:: DATA FOR THE TASK

lemma dist_graph_point_le:
  assumes bound: "\<And>s t. \<phi> s t \<le> 2" and "scale_code \<phi> k a = scale_code \<phi> k b"
  shows "dist (graph_point \<phi> a) (graph_point \<phi> b) \<le> 3 / (2 * 9 ^ k)"
proof -
  have digits: "\<And>i. i < 2 * k \<Longrightarrow> a i = b i"
    and code: "\<And>j. j < k \<Longrightarrow> pair_digits \<phi> a (k + j) = pair_digits \<phi> b (k + j)"
    using assms(2) by (auto simp: scale_code_eq_iff)
  have pairs: "pair_digits \<phi> a j = pair_digits \<phi> b j" if "j < 2 * k" for j
  proof (cases "j < k")
    case True
    then show ?thesis using digits by (simp add: pair_digits_def)
  next
    case False
    then show ?thesis using code[of "j - k"] that by simp
  qed
  have nine: "(3::real) ^ (2 * k) = 9 ^ k"
    by (simp add: power_mult)
  have "dist (cantor_pt a) (cantor_pt b) \<le> 1 / (2 * 9 ^ k)"
    using cantor_pt_close[of "2 * k" a b] digits by (simp add: dist_real_def nine)
  moreover have "\<bar>ternary_sum (\<lambda>j. real (pair_digits \<phi> a j) - real (pair_digits \<phi> b j))\<bar> \<le> 2 / (2 * 9 ^ k)"
    using abs_pair_digits_diff_le[of \<phi>, OF bound] pairs
    by (subst nine[symmetric], intro ternary_sum_tail_le) auto
  then have "dist (ternary_sum (\<lambda>j. real (pair_digits \<phi> a j))) (ternary_sum (\<lambda>j. real (pair_digits \<phi> b j)))
      \<le> 2 / (2 * 9 ^ k)"
    using pair_digits_le[of \<phi>, OF bound]
    by (subst dist_real_def, subst ternary_sum_diff[where D=2]) auto
  moreover have "1 / (2 * 9 ^ k) + 2 / (2 * 9 ^ k) = (3::real) / (2 * 9 ^ k)"
    by (simp add: add_divide_distrib [symmetric])
  ultimately show ?thesis
    unfolding graph_point_def
    using dist_Pair_le_add[of "cantor_pt a" "ternary_sum (\<lambda>j. real (pair_digits \<phi> a j))"
        "cantor_pt b" "ternary_sum (\<lambda>j. real (pair_digits \<phi> b j))"]
    by linarith
qed

lemma pair_expansion_far:
  assumes bound: "\<And>s t. \<phi> s t \<le> 2" and tail: "\<And>i. 4 * k \<le> i \<Longrightarrow> a i = b i"
    and "j < 2 * k" and "pair_digits \<phi> a j \<noteq> pair_digits \<phi> b j"
  shows "1 / 9 ^ k \<le> \<bar>ternary_sum (\<lambda>i. real (pair_digits \<phi> a i)) - ternary_sum (\<lambda>i. real (pair_digits \<phi> b i))\<bar>"
proof -
  obtain p where p: "p \<le> j" "pair_digits \<phi> a p \<noteq> pair_digits \<phi> b p"
    and agree: "\<And>i. i < p \<Longrightarrow> pair_digits \<phi> a i = pair_digits \<phi> b i"
    using first_difference[of "pair_digits \<phi> a" j "pair_digits \<phi> b"] assms(4) by blast
  have "1 / 3 ^ (2 * k) \<le> \<bar>ternary_sum (\<lambda>i. real (pair_digits \<phi> a i) - real (pair_digits \<phi> b i))\<bar>"
  proof (rule ternary_sum_finite_ge)
    show "1 \<le> \<bar>real (pair_digits \<phi> a p) - real (pair_digits \<phi> b p)\<bar>"
      using p(2) by linarith
    show "real (pair_digits \<phi> a i) - real (pair_digits \<phi> b i) = 0" if "2 * k \<le> i" for i
      using tail that by (simp add: pair_digits_def)
  qed (use abs_pair_digits_diff_le[of \<phi>, OF bound] agree p(1) assms(3) in auto)
  then show ?thesis
    using pair_digits_le[of \<phi>, OF bound] by (subst ternary_sum_diff[where D=2]) (auto simp: power_mult)
qed

lemma dist_graph_point_ge:
  assumes bound: "\<And>s t. \<phi> s t \<le> 2" and tail: "\<And>i. 4 * k \<le> i \<Longrightarrow> a i = b i"
    and "scale_code \<phi> k a \<noteq> scale_code \<phi> k b"
  shows "1 / (2 * 9 ^ k) \<le> dist (graph_point \<phi> a) (graph_point \<phi> b)"
proof -
  consider (digit) i where "i < 2 * k" "a i \<noteq> b i"
    | (pair) j where "j < k" "pair_digits \<phi> a (k + j) \<noteq> pair_digits \<phi> b (k + j)"
    using assms(3) unfolding scale_code_eq_iff by blast
  then show ?thesis
  proof cases
    case digit
    then have "1 / (2 * 9 ^ k) \<le> dist (cantor_pt a) (cantor_pt b)"
      using cantor_pt_far[of i "2 * k" a b] by (simp add: dist_real_def power_mult)
    then show ?thesis
      using dist_fst_le[of "graph_point \<phi> a" "graph_point \<phi> b"] by (simp add: graph_point_def)
  next
    case pair
    then have "1 / 9 ^ k \<le> dist (ternary_sum (\<lambda>i. real (pair_digits \<phi> a i)))
        (ternary_sum (\<lambda>i. real (pair_digits \<phi> b i)))"
      unfolding dist_real_def by (intro pair_expansion_far[OF bound tail]) auto
    moreover have "1 / (2 * 9 ^ k) \<le> (1::real) / 9 ^ k"
      by (simp add: field_simps)
    ultimately show ?thesis
      using dist_snd_le[of "graph_point \<phi> a" "graph_point \<phi> b"] by (simp add: graph_point_def)
  qed
qed

definition code_witness ::
    "(bool \<Rightarrow> bool \<Rightarrow> nat) \<Rightarrow> nat \<Rightarrow> (nat \<Rightarrow> bool) \<times> (nat \<Rightarrow> nat) \<Rightarrow> nat \<Rightarrow> bool" where
  "code_witness \<phi> k x i =
     (if i < 2 * k then fst x i
      else if i < 4 * k then (if even i then fst else snd) (inv (case_prod \<phi>) (snd x (i div 2 - k)))
      else False)"

lemma scale_code_code_witness:
  assumes "x \<in> code_space \<phi> k"
  shows "scale_code \<phi> k (code_witness \<phi> k x) = x"
proof -
  obtain u v where x: "x = (u, v)" and u: "u \<in> {..<2 * k} \<rightarrow>\<^sub>E UNIV"
    and v: "v \<in> {..<k} \<rightarrow>\<^sub>E range (case_prod \<phi>)"
    using assms by (auto simp: code_space_def)
  have "restrict (code_witness \<phi> k x) {..<2 * k} = restrict u {..<2 * k}"
    by (intro restrict_ext) (simp add: code_witness_def x)
  moreover have "pair_digits \<phi> (code_witness \<phi> k x) (k + j) = v j" if "j < k" for j
  proof -
    have "code_witness \<phi> k x (2 * (k + j)) = fst (inv (case_prod \<phi>) (v j))"
      and "code_witness \<phi> k x (2 * (k + j) + 1) = snd (inv (case_prod \<phi>) (v j))"
      using that by (simp_all add: code_witness_def x)
    then have "pair_digits \<phi> (code_witness \<phi> k x) (k + j) = case_prod \<phi> (inv (case_prod \<phi>) (v j))"
      by (simp add: pair_digits_def case_prod_beta)
    also have "\<dots> = v j"
      using PiE_mem[OF v, of j] that by (intro f_inv_into_f) simp
    finally show ?thesis .
  qed
  then have "restrict (\<lambda>j. pair_digits \<phi> (code_witness \<phi> k x) (k + j)) {..<k} = restrict v {..<k}"
    by (intro restrict_ext) simp
  ultimately show ?thesis
    using u v by (simp add: scale_code_def x)
qed

lemma inj_graph_point: "inj (graph_point \<phi>)"
  using inj_cantor_pt by (auto simp: inj_def graph_point_def)

lemma card_graph_separated_le:
  assumes bound: "\<And>s t. \<phi> s t \<le> 2" and scale: "3 * 2 ^ n \<le> 2 * (9::real) ^ k"
    and "S \<in> separated_subsets (range (graph_point \<phi>)) n"
  shows "card S \<le> (4 * card (range (case_prod \<phi>))) ^ k"
proof -
  have "3 / (2 * 9 ^ k) \<le> ((1::real) / 2) ^ n"
    using scale by (simp add: power_divide field_simps)
  then have "dist (graph_point \<phi> a) (graph_point \<phi> b) \<le> (1/2) ^ n"
    if "scale_code \<phi> k a = scale_code \<phi> k b" for a b
    using dist_graph_point_le[of \<phi> k a b, OF bound that] by linarith
  then have "card S \<le> card (range (scale_code \<phi> k))"
    using assms(3)
    by (intro card_separated_le_card_image)
      (auto intro: finite_subset[OF _ finite_code_space] scale_code_in_code_space)
  also have "\<dots> \<le> card (code_space \<phi> k)"
    using scale_code_in_code_space by (intro card_mono finite_code_space) auto
  finally show ?thesis
    by (simp add: card_code_space)
qed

::::

TASK PROMPT: Look through the entries above for the word "intro". Say how many lines contain it, using only a number.

RESULT: 8